A:     There are many excellent woods to burn but Ash is regarded by firewood suppliers as the best of all. This is largely based on it's lower moisture content when standing and how quickly it dries one split.

There are however many other superb woods suitable for burning all of which can have slightly different burning characteristics.
Oak is a fantastic firewood but needs plenty of time to dry. It will give lots of heat and embers but not huge flames, it's great for those huge open fires in cosy country pubs...
Beech burns excellently if dried well and gives of lots of heat.
Birch is another good species but is best not stored for long periods as it degrades quickly.
Hornbeam is another great choice, it's a dense wood that burns brilliantly on all fires.
Sweet Chestnut has one of the highest CV's of all woods but will readily spit so is best used only on wood burners.

There are many other great species other than those above, the best advice we can offer is stick with native British species, but avoid willow and poplar as although they burn well they burn quickly leaving very few embers.

Q:    Can I burn wood that is green?

A:    The easiest to answer of all the questions we get asked and the answer is, definitely not, not ever!
At least never on a wood burner or open fire in a domestic situation. Burning green wood outside as a means to deal with forestry or gardening operations may be a different point altogether but breathing in the smoke should be avoided as far as is possible.

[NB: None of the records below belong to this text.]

lemma card_eq_sum_card_Int_blocks:
  assumes "disjoint_family_on Cb I" "finite I" "\<And>j. j \<in> I \<Longrightarrow> finite (Cb j)"
    and "A \<subseteq> (\<Union>j\<in>I. Cb j)"
  shows "card A = (\<Sum>j\<in>I. card (A \<inter> Cb j))"
proof -
  have "A = (\<Union>j\<in>I. A \<inter> Cb j)" using assms(4) by blast
  also have "card \<dots> = (\<Sum>j\<in>I. card (A \<inter> Cb j))"
    using assms(1-3) by (intro card_UN_disjoint) (auto simp: disjoint_family_on_def)
  finally show ?thesis .
qed

lemma finite_Tset: "finite (Tset r Cb k)"
proof (rule finite_subset)
  show "Tset r Cb k \<subseteq> {a. \<forall>j. (j \<in> {1..r} \<longrightarrow> a j \<in> {..k}) \<and> (j \<notin> {1..r} \<longrightarrow> a j = 0)}"
  proof
    fix a assume a: "a \<in> Tset r Cb k"
    have "a j \<le> k" if "j \<in> {1..r}" for j
    proof -
      have "a j \<le> (\<Sum>j=1..r. a j)" using that by (intro member_le_sum) auto
      with a show ?thesis unfolding Tset_def by simp
    qed
    moreover have "a j = 0" if "j \<notin> {1..r}" for j
      using a that unfolding Tset_def by blast
    ultimately show "a \<in> {a. \<forall>j. (j \<in> {1..r} \<longrightarrow> a j \<in> {..k}) \<and> (j \<notin> {1..r} \<longrightarrow> a j = 0)}"
      by blast
  qed
  show "finite {a. \<forall>j::nat. (j \<in> {1..r} \<longrightarrow> a j \<in> {..k}) \<and> (j \<notin> {1..r} \<longrightarrow> a j = (0::nat))}"
    by (rule finite_set_of_finite_funs) simp_all
qed

lemma block_profile_in_Tset:
  assumes "disjoint_family_on Cb {1..r}" "\<And>j. j \<in> {1..r} \<Longrightarrow> finite (Cb j)"
    and "A \<subseteq> (\<Union>j\<in>{1..r}. Cb j)" "card A = k"
  shows "block_profile r Cb A \<in> Tset r Cb k"
proof -
  have "(\<Sum>j=1..r. block_profile r Cb A j) = card A"
    using card_eq_sum_card_Int_blocks[OF assms(1) _ assms(2,3)] by (simp add: block_profile_def)
  moreover have "card (A \<inter> Cb j) \<le> card (Cb j)" if "j \<in> {1..r}" for j
    using assms(2)[OF that] by (simp add: card_mono)
  ultimately show ?thesis
    using assms(4) unfolding Tset_def block_profile_def by auto
qed

lemma sum_subsets_card_by_block_profile:
  assumes disj: "disjoint_family_on Cb {1..r}" and fin: "\<And>j. j \<in> {1..r} \<Longrightarrow> finite (Cb j)"
  shows "(\<Sum>A \<in> {A. A \<subseteq> (\<Union>j\<in>{1..r}. Cb j) \<and> card A = k}. g A)
       = (\<Sum>a \<in> Tset r Cb k. \<Sum>f \<in> PiE {1..r} (\<lambda>j. {X. X \<subseteq> Cb j \<and> card X = a j}).
            g (\<Union>j\<in>{1..r}. f j))"
proof -
  let ?U = "\<Union>j\<in>{1..r}. Cb j"
  let ?Sk = "{A. A \<subseteq> ?U \<and> card A = k}"
  have fiber: "{A \<in> ?Sk. block_profile r Cb A = a}
      = {A. A \<subseteq> ?U \<and> (\<forall>j\<in>{1..r}. card (A \<inter> Cb j) = a j)}" if a: "a \<in> Tset r Cb k" for a
  proof
    show "{A \<in> ?Sk. block_profile r Cb A = a} \<subseteq> {A. A \<subseteq> ?U \<and> (\<forall>j\<in>{1..r}. card (A \<inter> Cb j) = a j)}"
      unfolding block_profile_def by (auto dest: fun_cong)
    show "{A. A \<subseteq> ?U \<and> (\<forall>j\<in>{1..r}. card (A \<inter> Cb j) = a j)} \<subseteq> {A \<in> ?Sk. block_profile r Cb A = a}"
    proof
      fix A assume A: "A \<in> {A. A \<subseteq> ?U \<and> (\<forall>j\<in>{1..r}. card (A \<inter> Cb j) = a j)}"
      then have "card A = (\<Sum>j=1..r. a j)"
        using card_eq_sum_card_Int_blocks[OF disj _ fin] by simp
      moreover have "block_profile r Cb A = a"
        using A a unfolding block_profile_def Tset_def by (intro ext) simp
      ultimately show "A \<in> {A \<in> ?Sk. block_profile r Cb A = a}"
        using A a unfolding Tset_def by simp
    qed
  qed
  have "(\<Sum>A\<in>?Sk. g A) = (\<Sum>a \<in> Tset r Cb k. \<Sum>A \<in> {A \<in> ?Sk. block_profile r Cb A = a}. g A)"
    using fin block_profile_in_Tset[OF disj fin]
    by (intro sum.group[symmetric] finite_Tset) auto
  also have "\<dots> = (\<Sum>a \<in> Tset r Cb k. \<Sum>f \<in> PiE {1..r} (\<lambda>j. {X. X \<subseteq> Cb j \<and> card X = a j}).
                      g (\<Union>j\<in>{1..r}. f j))"
  proof (rule sum.cong[OF refl])
    fix a assume "a \<in> Tset r Cb k"
    show "(\<Sum>A \<in> {A \<in> ?Sk. block_profile r Cb A = a}. g A)
        = (\<Sum>f \<in> PiE {1..r} (\<lambda>j. {X. X \<subseteq> Cb j \<and> card X = a j}). g (\<Union>j\<in>{1..r}. f j))"
      unfolding fiber[OF \<open>a \<in> Tset r Cb k\<close>]
      by (rule sum.reindex_bij_betw[OF bij_betw_Union_blocks[OF disj, where P = "\<lambda>j X. card X = a j"], symmetric])
  qed
  finally show ?thesis .
qed

lemma prod_sum_indicator_PiE:
  fixes w :: "'i \<Rightarrow> 'a \<Rightarrow> 'b::comm_semiring_1"
  assumes "finite R" "B \<subseteq> R" "\<And>j. j \<in> R \<Longrightarrow> finite (F j)"
  shows "(\<Prod>j\<in>B. \<Sum>X\<in>F j. w j X * of_bool (p j X)) * (\<Prod>j\<in>R - B. \<Sum>X\<in>F j. w j X * of_bool (\<not> p j X))
       = (\<Sum>f \<in> PiE R F. \<Prod>j\<in>R. w j (f j) * of_bool (p j (f j) \<longleftrightarrow> j \<in> B))"
proof -
  let ?c = "\<lambda>j X. w j X * of_bool (p j X \<longleftrightarrow> j \<in> B)"
  have "(\<Prod>j\<in>B. \<Sum>X\<in>F j. w j X * of_bool (p j X)) * (\<Prod>j\<in>R - B. \<Sum>X\<in>F j. w j X * of_bool (\<not> p j X))
      = (\<Prod>j\<in>B. \<Sum>X\<in>F j. ?c j X) * (\<Prod>j\<in>R - B. \<Sum>X\<in>F j. ?c j X)"
    by (intro arg_cong2[where f = times] prod.cong sum.cong) auto
  also have "\<dots> = (\<Prod>j\<in>R. \<Sum>X\<in>F j. ?c j X)"
    using prod.subset_diff[OF assms(2,1), of "\<lambda>j. \<Sum>X\<in>F j. ?c j X"] by (simp add: mult.commute)
  also have "\<dots> = (\<Sum>f \<in> PiE R F. \<Prod>j\<in>R. ?c j (f j))"
    using assms(1,3) by (rule prod_sum_PiE)
  finally show ?thesis .
qed

lemma mlext_sum_PiE:
  fixes F :: "nat \<Rightarrow> 'a set" and w :: "nat \<Rightarrow> 'a \<Rightarrow> real" and p :: "nat \<Rightarrow> 'a \<Rightarrow> bool"
  assumes fin: "\<And>j. j \<in> {1..r} \<Longrightarrow> finite (F j)"
    and total: "\<And>j. j \<in> {1..r} \<Longrightarrow> (\<Sum>X\<in>F j. w j X) = 1"
  shows "mlext r psi (\<lambda>j. \<Sum>X\<in>F j. w j X * of_bool (p j X))
       = (\<Sum>f \<in> PiE {1..r} F. (\<Prod>j\<in>{1..r}. w j (f j)) * of_bool (psi {j \<in> {1..r}. p j (f j)}))"
proof -
  let ?R = "{1..r}" and ?z = "\<lambda>j. \<Sum>X\<in>F j. w j X * of_bool (p j X)"
  define c where "c B j X = w j X * of_bool (p j X \<longleftrightarrow> j \<in> B)" for B j X
  have complement: "1 - ?z j = (\<Sum>X\<in>F j. w j X * of_bool (\<not> p j X))" if "j \<in> ?R" for j
    unfolding total[OF that, symmetric] sum_subtractf[symmetric] by (intro sum.cong) auto
  have expand: "(\<Prod>j\<in>B. ?z j) * (\<Prod>j\<in>?R - B. 1 - ?z j) = (\<Sum>f \<in> PiE ?R F. \<Prod>j\<in>?R. c B j (f j))"
    if "B \<subseteq> ?R" for B
  proof -
    have "(\<Prod>j\<in>?R - B. 1 - ?z j) = (\<Prod>j\<in>?R - B. \<Sum>X\<in>F j. w j X * of_bool (\<not> p j X))"
      using complement by (intro prod.cong) auto
    then show ?thesis
      using prod_sum_indicator_PiE[OF finite_atLeastAtMost that fin, where w = w and p = p] unfolding c_def by simp
  qed
  have select: "of_bool (psi B) * (\<Prod>j\<in>?R. c B j (f j))
      = (if B = {j \<in> ?R. p j (f j)} then of_bool (psi B) * (\<Prod>j\<in>?R. w j (f j)) else 0)"
    if "B \<subseteq> ?R" for B f
  proof (cases "B = {j \<in> ?R. p j (f j)}")
    case False
    with that obtain j where "j \<in> ?R" "p j (f j) \<noteq> (j \<in> B)" by blast
    then have "(\<Prod>j\<in>?R. c B j (f j)) = 0" unfolding c_def by (intro prod_zero) auto
    with False show ?thesis by simp
  qed (auto simp: c_def intro: prod.cong)
  have "mlext r psi ?z = (\<Sum>B \<in> Pow ?R. of_bool (psi B) * (\<Sum>f \<in> PiE ?R F. \<Prod>j\<in>?R. c B j (f j)))"
    unfolding mlext_def
  proof (intro sum.cong refl)
    fix B assume "B \<in> Pow ?R"
    show "of_bool (psi B) * (\<Prod>j\<in>B. ?z j) * (\<Prod>j\<in>?R - B. 1 - ?z j)
        = of_bool (psi B) * (\<Sum>f \<in> PiE ?R F. \<Prod>j\<in>?R. c B j (f j))"
      using \<open>B \<in> Pow ?R\<close> by (simp only: mult.assoc expand PowD)
  qed
  also have "\<dots> = (\<Sum>f \<in> PiE ?R F. \<Sum>B \<in> Pow ?R. of_bool (psi B) * (\<Prod>j\<in>?R. c B j (f j)))"
    unfolding sum_distrib_left by (rule sum.swap)
  also have "\<dots> = (\<Sum>f \<in> PiE ?R F. (\<Prod>j\<in>?R. w j (f j)) * of_bool (psi {j \<in> ?R. p j (f j)}))"
  proof (rule sum.cong[OF refl])
    fix f
    let ?Bf = "{j \<in> ?R. p j (f j)}"
    have "(\<Sum>B \<in> Pow ?R. of_bool (psi B) * (\<Prod>j\<in>?R. c B j (f j)))
        = (\<Sum>B \<in> Pow ?R. if B = ?Bf then of_bool (psi B) * (\<Prod>j\<in>?R. w j (f j)) else 0)"
      using select by (intro sum.cong refl) auto
    also have "\<dots> = of_bool (psi ?Bf) * (\<Prod>j\<in>?R. w j (f j))"
      by (subst sum.delta) auto
    finally show "(\<Sum>B \<in> Pow ?R. of_bool (psi B) * (\<Prod>j\<in>?R. c B j (f j)))
        = (\<Prod>j\<in>?R. w j (f j)) * of_bool (psi ?Bf)"
      by (simp only: mult.commute)
  qed
  finally show ?thesis .
qed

The main reasons for this is that burning of green wood on wood burners and open fires is not only a waste of time as most of the heat energy is lost to steam, but you'll you have to burn more wood which ultimately costs more money.

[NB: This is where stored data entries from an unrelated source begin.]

(* Let $r\in(0,1)$ and $\lambda(r)=\ln\frac{1+r}{1-r}$. Let $\overline{S}_{\lambda(r)}=\{z\in\mathbb{S}: d_{\mathbb{S}}(z,0)\leqslant\lambda(r)\}$. Then $$\overline{S}_{\lambda(r)}\subset\left[-\frac{4}{\pi}\arctan r,\frac{4}{\pi}\arctan r\right]\times\left[-\frac{2}{\pi}\lambda(r),\frac{2}{\pi}\lambda(r)\right]$$ (as a subset of $\mathbb{C}\cong\mathbb{R}^2$, real part times imaginary part), and moreover $$\{\operatorname{Re} z : z\in \overline{S}_{\lambda(r)}\}=\left[-\frac{4}{\pi}\arctan r,\frac{4}{\pi}\arctan r\right].$$
   Context: $\mathbb{S}=\{z\in\mathbb{C}:-1<\operatorname{Re} z<1\}$. The hyperbolic density of $\mathbb{S}$ is $\rho_{\mathbb{S}}(z)=\frac{\pi}{2}\big/\cos\left(\frac{\pi}{2}\operatorname{Re} z\right)$ and $d_{\mathbb{S}}(z_1,z_2)=\inf_\gamma\int_\gamma\rho_{\mathbb{S}}(z)|dz|$ over $C^1$ curves $\gamma$ in $\mathbb{S}$ joining $z_1$ to $z_2$ (this is the hyperbolic distance of $\mathbb{S}$ transported from the unit disc $\mathbb{U}$, whose density is $\frac{2}{1-|z|^2}$, by the conformal map $z\mapsto\tan(\pi z/4)$ from $\mathbb{S}$ onto $\mathbb{U}$). *)

theory Defs
  imports "HOL-Analysis.Analysis"
begin

definition strip :: "complex set" where
  "strip = {z. -1 < Re z \<and> Re z < 1}"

There is also lots of evidence to suggest that the chemicals given off from an unclean burning process (fires not burning hot enough) can actually be cancerous as well as being hugely polluting. Add on top of this the damage that can be caused to your flu through tar build up, increasing the risk of chimney fires, the burning of green or inadequately seasoned logs should be avoided at all costs...

The above comments are entirely our own and based on observations, training and best practice advice from industry experts and should only be used as a guide. Bernwoods accepts no liability for any loss or damage caused to third parties as a result of this information.